*** Opening Given entries ***

(* Let $\phi$ be an absolutely bounded, Lipschitz and internally stable feature map with constants $v_1,v_2,v_3$, let $R=[0,1]^2$, and let $\mathcal{X}$ be a bi-filtration of size $n$. Let $s\in\mathbb{N}$, $u=2^{-s}$, and let $(B_1,B_2)$ be a box pair with centers $c_1<c_2$. Then for all $(p,q)\in B_1\times B_2$ with $p<q$, $$|\Phi_{\mathcal{X}}(p,q)-\Phi_{\mathcal{X}}(c_1,c_2)|\le\frac{v_3 n}{\sqrt2}D+v_1 nW+v_2 nL.$$
   Context: For $p,q\in\mathbb{R}^2$ write $p\le q$ (resp. $p<q$) if both coordinates satisfy $\le$ (resp. $<$). A mono-filtration of a finite simplicial complex $X$ assigns nested subcomplexes $\mathcal{X}(\alpha)$, $\alpha\in\mathbb{R}$; its size is the number of simplices. A bi-filtration $\mathcal{X}$ assigns to $p\in\mathbb{R}^2$ a subcomplex $\mathcal{X}(p)$ with $\mathcal{X}(p)\subseteq\mathcal{X}(q)$ for $p\le q$; it is tame, and its size is the total number of critical points over all simplices (where $p$ is critical for $\sigma$ if for every $\epsilon>0$, $\sigma\notin\mathcal{X}(p_1-\epsilon,p_2)\cup\mathcal{X}(p_1,p_2-\epsilon)$ and $\sigma\in\mathcal{X}(p_1+\epsilon,p_2)\cap\mathcal{X}(p_1,p_2+\epsilon)$); every slice of a bi-filtration of size $n$ has size at most $n$. Let $\mathcal{L}$ be the set of non-vertical lines in $\mathbb{R}^2$ with positive slope ("slices"); each $\ell\in\mathcal{L}$ meets $x=-y$ in a unique point $b$ and is parametrized as $b+\lambda a$ with $a=(a_1,a_2)$ its unit direction vector with positive coordinates; its weight is $\hat{\ell}:=\min\{a_1,a_2\}$; for a point $p\in\ell$, $\lambda_p$ denotes the parameter with $p=b+\lambda_pa$; the slice $\mathcal{X}_\ell$ is the mono-filtration $\alpha\mapsto\mathcal{X}(b+\alpha a)$. $d_B$ is the bottleneck distance between persistence diagrams of mono-filtrations. $\Delta^{(1)}:=\{(x_1,x_2):x_1<x_2\}$. A feature map $\phi$ assigns to each mono-filtration $\mathcal{X}$ a function $\phi_{\mathcal{X}}\in L^2(\Delta^{(1)})$; absolutely bounded: $0\le\phi_{\mathcal{X}}(x)\le v_1n$; Lipschitz: $|\phi_{\mathcal{X}}(x)-\phi_{\mathcal{X}}(x')|\le v_2n\|x-x'\|_2$; internally stable: $|\phi_{\mathcal{X}}(x)-\phi_{\mathcal{Y}}(x)|\le v_3n\,d_B(\mathcal{X},\mathcal{Y})$; each for all mono-filtrations of size $n$ and all $x,x'\in\Delta^{(1)}$. $\Delta^{(2)}:=\{(p,q)\in\mathbb{R}^2\times\mathbb{R}^2:p<q\}$; for $(p,q)\in\Delta^{(2)}$ with $\ell$ the line through $p,q$, $\Phi_{\mathcal{X}}(p,q):=\chi_R(p)\chi_R(q)\,\hat{\ell}\,\phi_{\mathcal{X}_\ell}(\lambda_p,\lambda_q)$. Boxes: $R$ is split into $2^s\times2^s$ congruent closed squares of side $u$; a box pair is an ordered pair $(B_1,B_2)$ of such boxes, with centers $c_1,c_2$. A slice $\ell\in\mathcal{L}$ traverses $(B_1,B_2)$ if it meets both $B_1$ and $B_2$; the center slice $\ell_c$ is the line through $c_1$ and $c_2$. $D$ is the supremum of $d_B(\mathcal{X}_{\ell_c},\mathcal{X}_\ell)$ over all slices $\ell$ traversing $(B_1,B_2)$; $W$ is the supremum of $|\hat{\ell_c}-\hat{\ell}|$ over traversing slices $\ell$; $L_1$ is the supremum of $|\lambda_p-\lambda_{c_1}|$ over traversing slices $\ell$ and points $p\in\ell\cap B_1$ (with $\lambda_p$ along $\ell$ and $\lambda_{c_1}$ along $\ell_c$), $L_2$ is defined likewise with $B_2$ and $c_2$, and $L:=\max\{L_1,L_2\}$. *)

theory Defs
  imports "HOL-Analysis.Analysis" "HOL-Library.Extended_Real"
begin

definition simplicial_complex :: "'v set set \<Rightarrow> bool" where
  "simplicial_complex K \<longleftrightarrow> finite K \<and>
     (\<forall>\<sigma>\<in>K. finite \<sigma> \<and> \<sigma> \<noteq> {} \<and> (\<forall>\<tau>. \<tau> \<noteq> {} \<and> \<tau> \<subseteq> \<sigma> \<longrightarrow> \<tau> \<in> K))"

definition subcomplex :: "'v set set \<Rightarrow> 'v set set \<Rightarrow> bool" where
  "subcomplex L K \<longleftrightarrow> L \<subseteq> K \<and> (\<forall>\<sigma>\<in>L. \<forall>\<tau>. \<tau> \<noteq> {} \<and> \<tau> \<subseteq> \<sigma> \<longrightarrow> \<tau> \<in> L)"

definition mono_filtration :: "(real \<Rightarrow> 'v set set) \<Rightarrow> bool" where
  "mono_filtration F \<longleftrightarrow> (\<exists>K. simplicial_complex K \<and> (\<forall>\<alpha>. subcomplex (F \<alpha>) K) \<and>
     (\<forall>\<alpha> \<beta>. \<alpha> \<le> \<beta> \<longrightarrow> F \<alpha> \<subseteq> F \<beta>) \<and>
     (\<forall>\<sigma>\<in>K. (\<forall>\<alpha>. \<sigma> \<notin> F \<alpha>) \<or> (\<exists>t. \<forall>\<alpha>. \<sigma> \<in> F \<alpha> \<longleftrightarrow> t \<le> \<alpha>)))"

definition mf_size :: "(real \<Rightarrow> 'v set set) \<Rightarrow> nat" where
  "mf_size F = card (\<Union>\<alpha>. F \<alpha>)"

section \<open>Simplicial homology over GF(2); chains are sets of simplices\<close>

definition ksimp :: "'v set set \<Rightarrow> nat \<Rightarrow> 'v set set" where
  "ksimp K k = {\<sigma>\<in>K. card \<sigma> = Suc k}"

definition bdry :: "'v set set \<Rightarrow> 'v set set" where
  "bdry c = {\<tau>. \<tau> \<noteq> {} \<and> odd (card {\<sigma>\<in>c. \<tau> \<subseteq> \<sigma> \<and> card \<sigma> = Suc (card \<tau>)})}"

definition cycles :: "'v set set \<Rightarrow> nat \<Rightarrow> 'v set set set" where
  "cycles K k = {c. c \<subseteq> ksimp K k \<and> bdry c = {}}"

definition boundaries :: "'v set set \<Rightarrow> nat \<Rightarrow> 'v set set set" where
  "boundaries L k = bdry ` {c. c \<subseteq> ksimp L (Suc k)}"

text \<open>Rank of the map H_k(K) to H_k(L) induced by inclusion (K subcomplex of L), over GF(2):
  dim Z_k(K) - dim (Z_k(K) \<inter> B_k(L)); dimensions of GF(2)-spaces are log2 of cardinalities.\<close>
definition hom_rank :: "'v set set \<Rightarrow> 'v set set \<Rightarrow> nat \<Rightarrow> real" where
  "hom_rank K L k = log 2 (card (cycles K k)) - log 2 (card (cycles K k \<inter> boundaries L k))"

definition pers_rank :: "(real \<Rightarrow> 'v set set) \<Rightarrow> nat \<Rightarrow> real \<Rightarrow> real \<Rightarrow> real" where
  "pers_rank F k s t = hom_rank (F s) (F t) k"

definition pd_mult :: "(real \<Rightarrow> 'v set set) \<Rightarrow> nat \<Rightarrow> real \<Rightarrow> ereal \<Rightarrow> real" where
  "pd_mult F k b d =
     (if ereal b < d then
        (case d of
           ereal e \<Rightarrow> Lim (at_right 0) (\<lambda>\<epsilon>. pers_rank F k b (e - \<epsilon>) - pers_rank F k (b - \<epsilon>) (e - \<epsilon>)
                                          - pers_rank F k b e + pers_rank F k (b - \<epsilon>) e)
         | PInfty \<Rightarrow> Lim at_top (\<lambda>T. Lim (at_right 0) (\<lambda>\<epsilon>. pers_rank F k b T - pers_rank F k (b - \<epsilon>) T))
         | MInfty \<Rightarrow> 0)
      else 0)"

definition dgm_list :: "(real \<Rightarrow> 'v set set) \<Rightarrow> nat \<Rightarrow> (real \<times> ereal) list \<Rightarrow> bool" where
  "dgm_list F k xs \<longleftrightarrow> (\<forall>x. real (count_list xs x) = pd_mult F k (fst x) (snd x))"

definition pt_cost :: "real \<times> ereal \<Rightarrow> real \<times> ereal \<Rightarrow> ereal" where
  "pt_cost x y = max (ereal \<bar>fst x - fst y\<bar>) (if snd x = snd y then 0 else \<bar>snd x - snd y\<bar>)"

definition diag_cost :: "real \<times> ereal \<Rightarrow> ereal" where
  "diag_cost x = (snd x - ereal (fst x)) / 2"

definition matching :: "(nat \<times> nat) set \<Rightarrow> 'a list \<Rightarrow> 'b list \<Rightarrow> bool" where
  "matching M xs ys \<longleftrightarrow> M \<subseteq> {..<length xs} \<times> {..<length ys} \<and>
     (\<forall>m\<in>M. \<forall>m'\<in>M. fst m = fst m' \<longleftrightarrow> snd m = snd m')"

definition match_cost :: "(real \<times> ereal) list \<Rightarrow> (real \<times> ereal) list \<Rightarrow> (nat \<times> nat) set \<Rightarrow> ereal" where
  "match_cost xs ys M = max 0 (Sup ((\<lambda>m. pt_cost (xs ! fst m) (ys ! snd m)) ` M
      \<union> (\<lambda>i. diag_cost (xs ! i)) ` ({..<length xs} - fst ` M)
      \<union> (\<lambda>j. diag_cost (ys ! j)) ` ({..<length ys} - snd ` M)))"

definition bottleneck :: "nat \<Rightarrow> (real \<Rightarrow> 'v set set) \<Rightarrow> (real \<Rightarrow> 'v set set) \<Rightarrow> ereal" where
  "bottleneck k F G = (INF t \<in> {(xs, ys, M). dgm_list F k xs \<and> dgm_list G k ys \<and> matching M xs ys}.
                          match_cost (fst t) (fst (snd t)) (snd (snd t)))"

definition le2 :: "real \<times> real \<Rightarrow> real \<times> real \<Rightarrow> bool" where
  "le2 p q \<longleftrightarrow> fst p \<le> fst q \<and> snd p \<le> snd q"

definition lt2 :: "real \<times> real \<Rightarrow> real \<times> real \<Rightarrow> bool" where
  "lt2 p q \<longleftrightarrow> fst p < fst q \<and> snd p < snd q"

definition is_critical :: "(real \<times> real \<Rightarrow> 'v set set) \<Rightarrow> 'v set \<Rightarrow> real \<times> real \<Rightarrow> bool" where
  "is_critical X \<sigma> p \<longleftrightarrow> (\<forall>\<epsilon>>0.
      \<sigma> \<notin> X (fst p - \<epsilon>, snd p) \<union> X (fst p, snd p - \<epsilon>) \<and>
      \<sigma> \<in> X (fst p + \<epsilon>, snd p) \<inter> X (fst p, snd p + \<epsilon>))"

definition bifiltration :: "'v set set \<Rightarrow> (real \<times> real \<Rightarrow> 'v set set) \<Rightarrow> bool" where
  "bifiltration K X \<longleftrightarrow> simplicial_complex K \<and> (\<forall>p. subcomplex (X p) K) \<and>
     (\<forall>p q. le2 p q \<longrightarrow> X p \<subseteq> X q)"

definition tame_bifiltration :: "'v set set \<Rightarrow> (real \<times> real \<Rightarrow> 'v set set) \<Rightarrow> bool" where
  "tame_bifiltration K X \<longleftrightarrow> bifiltration K X \<and>
     (\<forall>\<sigma>\<in>K. finite {p. is_critical X \<sigma> p} \<and> (\<forall>q. \<sigma> \<in> X q \<longleftrightarrow> (\<exists>p. is_critical X \<sigma> p \<and> le2 p q)))"

definition bf_size :: "'v set set \<Rightarrow> (real \<times> real \<Rightarrow> 'v set set) \<Rightarrow> nat" where
  "bf_size K X = (\<Sum>\<sigma>\<in>K. card {p. is_critical X \<sigma> p})"

definition is_slice :: "real \<times> real \<Rightarrow> real \<times> real \<Rightarrow> bool" where
  "is_slice b a \<longleftrightarrow> fst b + snd b = 0 \<and> fst a > 0 \<and> snd a > 0 \<and> (fst a)\<^sup>2 + (snd a)\<^sup>2 = 1"

definition on_line :: "real \<times> real \<Rightarrow> real \<times> real \<Rightarrow> real \<times> real \<Rightarrow> bool" where
  "on_line b a p \<longleftrightarrow> (\<exists>t::real. p = b + t *\<^sub>R a)"

definition lam :: "real \<times> real \<Rightarrow> real \<times> real \<Rightarrow> real \<times> real \<Rightarrow> real" where
  "lam b a p = (fst p - fst b) * fst a + (snd p - snd b) * snd a"

definition slice_weight :: "real \<times> real \<Rightarrow> real" where
  "slice_weight a = min (fst a) (snd a)"

definition slice :: "(real \<times> real \<Rightarrow> 'v set set) \<Rightarrow> real \<times> real \<Rightarrow> real \<times> real \<Rightarrow> real \<Rightarrow> 'v set set" where
  "slice X b a = (\<lambda>\<alpha>. X (b + \<alpha> *\<^sub>R a))"

definition line_dir :: "real \<times> real \<Rightarrow> real \<times> real \<Rightarrow> real \<times> real" where
  "line_dir p q = (1 / norm (q - p)) *\<^sub>R (q - p)"

definition line_base :: "real \<times> real \<Rightarrow> real \<times> real \<Rightarrow> real \<times> real" where
  "line_base p q = p - ((fst p + snd p) / (fst (line_dir p q) + snd (line_dir p q))) *\<^sub>R line_dir p q"

definition Delta1 :: "(real \<times> real) set" where
  "Delta1 = {x. fst x < snd x}"

definition unit_square :: "(real \<times> real) set" where
  "unit_square = {0..1} \<times> {0..1}"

*** Closing Given entries ***

## Assignment
Only the lines of the data holding the string "matching" are wanted; copy each of them.

## Solution to the exercise
definition matching :: "(nat \<times> nat) set \<Rightarrow> 'a list \<Rightarrow> 'b list \<Rightarrow> bool" where
  "matching M xs ys \<longleftrightarrow> M \<subseteq> {..<length xs} \<times> {..<length ys} \<and>
  "bottleneck k F G = (INF t \<in> {(xs, ys, M). dgm_list F k xs \<and> dgm_list G k ys \<and> matching M xs ys}.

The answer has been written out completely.